El inicio del año 2026 en Punta Arenas está marcado por una profunda contradicción presupuestaria que ha indignado a los vecinos del sector sur. El Servicio de Urgencia (SAPU) de la población 18 de Septiembre cerró sus puertas durante enero y febrero, dejando sin atención médica inmediata a una de las comunidades más populosas de la capital regional.
La razón es un déficit de $90 millones de pesos que la Corporación Municipal (CORMUPA) no puede cubrir. Esta situación contrasta drásticamente con la aprobación de $850 millones destinados a actividades culturales para el mismo periodo, lo que desató un tenso debate en la última sesión del Concejo Municipal.
Históricamente, el municipio cubría estos vacíos de caja utilizando excedentes de otras áreas mientras esperaba los fondos del Ministerio de Salud (Minsal). Sin embargo, el Informe de Auditoría 522 de la Contraloría puso fin a esta práctica:
Prohibición legal: Ya no se permite mover fondos de un ítem a otro para cubrir gastos operativos de salud.
Retraso estatal: El Estado adeuda más de $5.226 millones a la comuna, y las transferencias suelen regularizarse recién en abril.
Impacto en recursos humanos: La falta de liquidez obligó a terminar los contratos de 37 funcionarios de salud el pasado 31 de diciembre, cuya recontratación es incierta.

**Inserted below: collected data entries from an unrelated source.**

lemma delta0_le: "delta0 \<le> 1/1024"
proof -
  have "c0^3 \<le> 1" using c0_bounds by (intro power_le_one) auto
  then show ?thesis unfolding delta0_def by simp
qed

lemma kappa_pos: "kappa > 0"
  unfolding kappa_def using c0_pos by simp

lemma exp_le_one_plus_plus_square:
  fixes z :: real
  assumes "\<bar>z\<bar> \<le> 1"
  shows "exp z \<le> 1 + z + z^2"
proof (cases "z \<ge> 0")
  case True
  then show ?thesis using exp_bound[of z] assms by simp
next
  case False
  define w where "w = -z"
  have w: "0 < w" "w \<le> 1" using False assms unfolding w_def by auto
  have "exp z = 1 / exp w" unfolding w_def by (simp add: exp_minus field_simps)
  also have "\<dots> \<le> 1 / (1 + w)" using w by (intro divide_left_mono) (auto simp: add_pos_pos)
  also have "\<dots> \<le> 1 - w + w^2"
  proof -
    have "1 \<le> (1 - w + w^2) * (1 + w)"
      using w by (simp add: algebra_simps power2_eq_square power3_eq_cube)
    then show ?thesis using w by (simp add: divide_le_eq)
  qed
  finally show ?thesis unfolding w_def by simp
qed

text \<open>The linear coefficient is \<open>2 ln 2 = 1 + c0\<close>; this is where \<open>log 4 - 1\<close> enters.\<close>

lemma two_powr_one_plus_le:
  assumes "\<bar>e\<bar> \<le> 1"
  shows "2 powr (1 + e) \<le> 2 + (1 + c0) * e + 2 * e^2"
proof -
  have l2: "0 < ln (2::real)" "ln (2::real) \<le> 1" using ln2_ge_two_thirds ln2_le_25_over_36 by auto
  have z: "\<bar>e * ln 2\<bar> \<le> 1" using assms l2 by (simp add: abs_mult mult_le_one)
  have "2 powr (1 + e) = 2 * exp (e * ln 2)" by (simp add: powr_def algebra_simps exp_add)
  also have "\<dots> \<le> 2 * (1 + e * ln 2 + (e * ln 2)^2)" using exp_le_one_plus_plus_square[OF z] by simp
  also have "(e * ln 2)^2 \<le> e^2"
  proof -
    have "(ln 2)^2 \<le> (1::real)" using l2 by (intro power_le_one) auto
    then have "e^2 * (ln 2)^2 \<le> e^2" by (intro mult_left_le) auto
    then show ?thesis by (simp add: power_mult_distrib)
  qed
  then have "2 * (1 + e * ln 2 + (e * ln 2)^2) \<le> 2 + (1 + c0) * e + 2 * e^2"
    unfolding c0_def ln_four by (simp add: algebra_simps)
  finally show ?thesis by simp
qed

lemma two_powr_one_plus_minus_one_mult_le:
  assumes "\<bar>e\<bar> \<le> 1" "l \<ge> 0" "B \<ge> 0"
  shows "(2 powr (1 + e) - 1) * (l + B) \<le> (1 + (1 + c0) * e + 2 * e^2) * l + 3 * B"
proof -
  have "(2 powr (1 + e) - 1) * l \<le> (1 + (1 + c0) * e + 2 * e^2) * l"
    using two_powr_one_plus_le[OF assms(1)] assms(2) by (intro mult_right_mono) auto
  moreover have "2 powr (1 + e) \<le> 2 powr 2" using assms(1) by (intro powr_mono) auto
  then have "(2 powr (1 + e) - 1) * B \<le> 3 * B" using assms(3) by (intro mult_right_mono) auto
  ultimately show ?thesis by (simp add: distrib_left)
qed

text \<open>\<open>tilt_clears a l f B s g\<close> says that the threshold \<open>T = exp (a - f + l)\<close>, raised to the
  power \<open>s\<close>, beats the level \<open>exp (a + g)\<close> times the bound \<open>exp ((2 powr s - 1) * (l + B))\<close>
  for the mgf of the tilt \<open>t = 2 powr s\<close>.\<close>

definition tilt_clears :: "real \<Rightarrow> real \<Rightarrow> real \<Rightarrow> real \<Rightarrow> real \<Rightarrow> real \<Rightarrow> bool" where
  "tilt_clears a l f B s g \<longleftrightarrow> s * (a - f + l) \<ge> a + g + (2 powr s - 1) * (l + B)"
lemma lower_gamma_sums:
  fixes \<sigma> z :: real
  assumes "\<sigma> > 0" "z > 0"
  shows "(\<lambda>n. exp (- z) * Gamma \<sigma> * z powr (\<sigma> + n) / Gamma (\<sigma> + n + 1)) sums lower_gamma \<sigma> z"
    and "(\<integral>\<^sup>+t. ennreal (indicator {0<..<z} t * (t powr (\<sigma> - 1) * exp (- t))) \<partial>lborel)
      = ennreal (lower_gamma \<sigma> z)"
proof -
  define c where "c n = exp (- z) * Gamma \<sigma> * z powr (\<sigma> + n) / Gamma (\<sigma> + n + 1)" for n :: nat
  define f where "f n t = indicator {0<..<z} t * (t powr (\<sigma> - 1) * (z - t) ^ n) * (exp (- z) / fact n)"
    for n :: nat and t :: real
  define g where "g t = indicator {0<..<z} t * (t powr (\<sigma> - 1) * exp (- t))" for t :: real
  have f_nonneg: "0 \<le> f n t" for n t
    by (simp add: f_def indicator_def)
  have c_nonneg: "0 \<le> c n" for n
    using assms by (simp add: c_def Gamma_real_pos less_imp_le)
  have f_measurable: "f n \<in> borel_measurable lborel" for n
    unfolding f_def[abs_def] by measurable
  \<comment> \<open>expand \<open>exp (- t) = exp (- z) * exp (z - t)\<close> in powers of \<open>z - t\<close>\<close>
  have f_sums: "(\<lambda>n. f n t) sums g t" for t
  proof -
    let ?C = "indicator {0<..<z} t * t powr (\<sigma> - 1) * exp (- z)"
    have "(\<lambda>n. ?C * ((z - t) ^ n /\<^sub>R fact n)) sums (?C * exp (z - t))"
      by (intro sums_mult exp_converges)
    moreover have "?C * exp (z - t) = g t"
      by (simp add: g_def mult.assoc exp_add[symmetric])
    moreover have "?C * ((z - t) ^ n /\<^sub>R fact n) = f n t" for n
      by (simp add: f_def divide_inverse mult_ac)
    ultimately show ?thesis
      by simp
  qed
  have f_integral: "(\<integral>\<^sup>+t. ennreal (f n t) \<partial>lborel) = ennreal (c n)" for n
  proof -
    have "z powr (\<sigma> + n) * Beta \<sigma> (n + 1) * (exp (- z) / fact n) = c n"
      by (simp add: c_def Beta_def Gamma_fact add_ac)
    moreover have "0 \<le> Beta \<sigma> (n + 1)"
      using assms by (simp add: Beta_def Gamma_real_pos less_imp_le)
    ultimately have "ennreal (z powr (\<sigma> + n) * Beta \<sigma> (n + 1)) * ennreal (exp (- z) / fact n) = ennreal (c n)"
      by (simp add: ennreal_mult[symmetric])
    moreover have "ennreal (f n t) = ennreal (indicator {0<..<z} t * (t powr (\<sigma> - 1) * (z - t) ^ n))
        * ennreal (exp (- z) / fact n)" for t
      unfolding f_def by (rule ennreal_mult) (simp_all add: indicator_def)
    ultimately show ?thesis
      using assms by (simp add: nn_integral_multc nn_integral_powr_times_power_diff)
  qed
  have "(\<Sum>n. ennreal (c n)) = (\<integral>\<^sup>+t. ennreal (g t) \<partial>lborel)"
    using nn_integral_sums[of f lborel, OF f_measurable f_nonneg f_sums] by (simp add: f_integral)
  also have "\<dots> \<le> (\<integral>\<^sup>+t. ennreal (indicator {0..} t * t powr (\<sigma> - 1) / exp t) \<partial>lborel)"
    by (intro nn_integral_mono ennreal_leI) (auto simp: g_def indicator_def exp_minus divide_inverse)
  also have "\<dots> = ennreal (Gamma \<sigma>)"
    using Gamma_conv_nn_integral_real[OF assms(1)] by simp
  finally have "summable c"
    by (intro summable_suminf_not_top c_nonneg) (auto simp: top_unique)
  then have "c sums suminf c"
    by (rule summable_sums)
  note lower = integral_sums_nonneg[of f lborel g c, OF f_measurable f_nonneg f_sums f_integral c_nonneg this]
  have "lower_gamma \<sigma> z = suminf c"
    using lower(2) by (simp add: lower_gamma_def set_lebesgue_integral_def g_def[abs_def])
  with \<open>c sums suminf c\<close> lower(1) show
    "(\<lambda>n. exp (- z) * Gamma \<sigma> * z powr (\<sigma> + n) / Gamma (\<sigma> + n + 1)) sums lower_gamma \<sigma> z"
    "(\<integral>\<^sup>+t. ennreal (indicator {0<..<z} t * (t powr (\<sigma> - 1) * exp (- t))) \<partial>lborel)
      = ennreal (lower_gamma \<sigma> z)"
    by (simp_all add: c_def[abs_def] g_def)
qed

lemma lower_gamma_nonneg: "0 \<le> lower_gamma \<sigma> z"
  unfolding lower_gamma_def set_lebesgue_integral_def
  by (intro integral_nonneg_AE AE_I2) (simp add: indicator_def)

lemma upper_gamma_nonneg: "0 \<le> upper_gamma \<sigma> y"
  unfolding upper_gamma_def set_lebesgue_integral_def
  by (intro integral_nonneg_AE AE_I2) (simp add: indicator_def)
text \<open>
  The dynamical hypotheses on \<open>q\<close> and the \<open>r\<^sub>i\<close> only serve to construct the \<open>V\<^sub>i\<^sup>l\<close>; the proof
  uses nothing but the listed properties of the \<open>V\<^sub>i\<^sup>l\<close>.
\<close>

theorem proposition3p3:
  fixes q :: "complex poly" and r :: "nat \<Rightarrow> complex" and m1 :: nat
    and V :: "nat \<Rightarrow> nat \<Rightarrow> complex set" and H :: "nat \<Rightarrow> complex set"
    and K :: "complex set"
  assumes deg: "degree q \<ge> 2"
    and m1_pos: "m1 \<ge> 1"
    and r_distinct: "r 1 \<noteq> r 2" "r 1 \<noteq> r 3" "r 2 \<noteq> r 3"
    and r_periodic: "\<And>i. i \<in> {1..3} \<Longrightarrow> (poly q ^^ m1) (r i) = r i"
    and r_repelling: "\<And>i. i \<in> {1..3} \<Longrightarrow> cmod (deriv (poly q ^^ m1) (r i)) > 1"
    and r_not_postcrit: "\<And>i. i \<in> {1..3} \<Longrightarrow> r i \<notin> postcritical_set q"
    and V_open: "\<And>i l. i \<in> {1..3} \<Longrightarrow> open (V i l)"
    and V_connected: "\<And>i l. i \<in> {1..3} \<Longrightarrow> connected (V i l)"
    and V_bounded: "\<And>i l. i \<in> {1..3} \<Longrightarrow> bounded (V i l)"
    and V_center: "\<And>i l. i \<in> {1..3} \<Longrightarrow> r i \<in> V i l"
    and V_pullback: "\<And>i l. i \<in> {1..3} \<Longrightarrow>
          bij_betw (poly q ^^ m1) (V i (Suc l)) (V i l)"
    and V_diam: "\<exists>C \<theta>. 0 < \<theta> \<and> \<theta> < 1 \<and>
          (\<forall>i\<in>{1..3}. \<forall>l. diameter (V i l) \<le> C * \<theta> ^ l)"
    and V_expanding: "\<exists>A l0'. A > 0 \<and> l0' \<ge> 1 \<and> (\<forall>l\<ge>l0'. \<forall>i\<in>{1..3}.
          (\<forall>w\<in>V i l. A * cmod (deriv (poly q ^^ m1) (r i)) ^ l
                        \<le> cmod (deriv (poly q ^^ (l * m1)) w)) \<and>
          A * cmod (deriv (poly q ^^ m1) (r i)) ^ l > 1 \<and>
          closure (\<Union>j\<in>{1..3}. V j l) \<subseteq> (poly q ^^ (l * m1)) ` V i l \<and>
          (\<forall>j\<in>{1..3}. bij_betw (poly q ^^ (l * m1))
                         (V i l \<inter> (poly q ^^ (l * m1)) -` V j l) (V j l)))"
    and H_open: "\<And>i. i \<in> {1..3} \<Longrightarrow> open (H i)"
    and K_compact: "compact K"
    and K_sub: "K \<subseteq> (\<Union>i\<in>{1..3}. H i)"
  shows "\<exists>\<delta>0 > 0. \<exists>l0 \<ge> 1. \<forall>l \<ge> l0.
     \<forall>g :: complex \<times> complex \<Rightarrow> complex \<times> complex.
       holomorphic2_on g (\<Union>i\<in>{1..3}. H i \<times> V i l)
       \<and> (\<forall>x\<in>(\<Union>i\<in>{1..3}. H i \<times> V i l). fst (g x) \<in> K
                \<and> snd (g x) = (poly q ^^ (l * m1)) (snd x))
       \<and> contracts_cone g (\<Union>i\<in>{1..3}. H i \<times> V i l) \<delta>0
       \<longrightarrow> (\<exists>\<alpha> > 0. \<forall>f :: complex \<times> complex \<Rightarrow> complex \<times> complex.
              \<forall>i\<in>{1..3}. \<forall>\<sigma> :: complex \<Rightarrow> complex.
                holomorphic2_on f (\<Union>i\<in>{1..3}. H i \<times> V i l)
                \<and> C1_close (\<Union>i\<in>{1..3}. H i \<times> V i l) f g \<alpha>
                \<and> \<sigma> holomorphic_on V i l \<and> \<sigma> ` V i l \<subseteq> H i
                \<and> (\<exists>c < \<delta>0. \<forall>w\<in>V i l. cmod (deriv \<sigma> w) \<le> c)
                \<longrightarrow> Lambda_set f (\<Union>i\<in>{1..3}. H i \<times> V i l)
                      \<inter> {(\<sigma> w, w) | w. w \<in> V i l} \<noteq> {})"
proof -
  have tower: "\<And>l. poly q ^^ (l * m1) = (poly q ^^ m1) ^^ l" by (simp add: funpow_mult mult.commute)
  obtain l0' where "l0' \<ge> 1"
    and bij: "\<And>k l. k \<in> {1..3} \<Longrightarrow> bij_betw (poly q ^^ (l * m1)) (V k l) (V k 0)"
    and expanding: "\<And>l k u. l0' \<le> l \<Longrightarrow> k \<in> {1..3} \<Longrightarrow> u \<in> V k l
      \<Longrightarrow> 1 \<le> norm (deriv (poly q ^^ (l * m1)) u)"
    and r_in: "\<And>j k. j \<in> {1..3} \<Longrightarrow> k \<in> {1..3} \<Longrightarrow> r j \<in> V k 0"
    using expanding_pullback_tower[where F="\<lambda>l. poly q ^^ (l * m1)" and P="poly q ^^ m1" and I="{1..3}"
        and V=V and r=r, OF tower V_pullback V_center V_expanding] by blast
  obtain C \<theta> where \<theta>: "0 < \<theta>" "\<theta> < 1" "\<And>i l. i \<in> {1..3} \<Longrightarrow> diameter (V i l) \<le> C * \<theta> ^ l"
    using V_diam by blast
  obtain R L l1 where "R > 0" "L \<ge> 0"
    and cball: "\<And>j k. j \<in> {1..3} \<Longrightarrow> k \<in> {1..3} \<Longrightarrow> cball (r j) (2*R) \<subseteq> V k 0"
    and variation: "\<And>k A M j. k \<in> {1..3} \<Longrightarrow> A holomorphic_on V k 0 \<Longrightarrow>
      (\<forall>z\<in>V k 0. norm (deriv A z) \<le> M) \<Longrightarrow> j \<in> {1..3} \<Longrightarrow> norm (A (r j) - A (r k)) \<le> M * L"
    and small: "\<And>l i. l1 \<le> l \<Longrightarrow> i \<in> {1..3} \<Longrightarrow> V i l \<subseteq> ball (r i) R"
    using shrinking_neighbourhood_constants[where I="{1..3}" and V=V and r=r,
        OF finite_atLeastAtMost V_open V_connected V_bounded V_center r_in \<theta>] by blast
  obtain e where "e > 0" and lebesgue: "\<And>p. p \<in> K \<Longrightarrow> \<exists>j\<in>{1..3}. ball p e \<subseteq> H j"
    using Lebesgue_number_indexed[OF K_compact K_sub H_open] by blast
  obtain \<delta>0 where "\<delta>0 > 0" "\<delta>0 \<le> 1" "\<delta>0 * (2*R + L) < e/2"
    using exists_small_positive[of "e/2" "2*R + L"] \<open>e > 0\<close> \<open>R > 0\<close> \<open>L \<ge> 0\<close> by auto
  show ?thesis
  proof (rule exI[of _ \<delta>0], intro conjI exI[of _ "max l0' l1"] allI impI, goal_cases)
    case 1 show ?case by fact
  next
    case 2 show ?case using \<open>l0' \<ge> 1\<close> by simp
  next
    case (3 l g)
    then have "l0' \<le> l" "l1 \<le> l" by simp_all
    show ?case
      by (rule perturbed_Lambda_set_meets_flat_graphs[where W="\<lambda>i. V i l" and U="\<lambda>i. V i 0",
            OF refl H_open V_open V_open holomorphic_on_funpow_poly bij expanding[OF \<open>l0' \<le> l\<close>]
            cball small[OF \<open>l1 \<le> l\<close>] variation lebesgue \<open>R > 0\<close> \<open>e > 0\<close> \<open>\<delta>0 \<le> 1\<close>
            \<open>\<delta>0 * _ < e/2\<close> 3(2)])
  qed
qed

Aunque el Concejo visó una subvención de $1.842 millones para la CORMUPA, los ediles cuestionaron que no se priorizaran los $45 millones mensuales necesarios para mantener el SAPU abierto, frente a los millonarios recursos asignados a la Fundación de Cultura.
Puntos críticos del conflicto:
Desprotección total: 18.000 usuarios del sector "18 de Septiembre" deberán trasladarse a otros centros de urgencia, colapsando el sistema restante.
Oficio presidencial: En un hecho inusual, el Concejo acordó de forma unánime enviar una carta al Presidente de la República para denunciar que el financiamiento de la salud primaria debe estar disponible el 1 de enero.
Incertidumbre laboral: Los equipos de salud desvinculados denuncian que esta interrupción afecta la continuidad de los tratamientos y programas preventivos.
“Es un descriterio. No podemos explicarle a un vecino que no tiene urgencia médica porque nos gastamos la plata en festivales mientras el Ministerio de Salud se demora cuatro meses en pagar”, señalaron desde el cuerpo de concejales.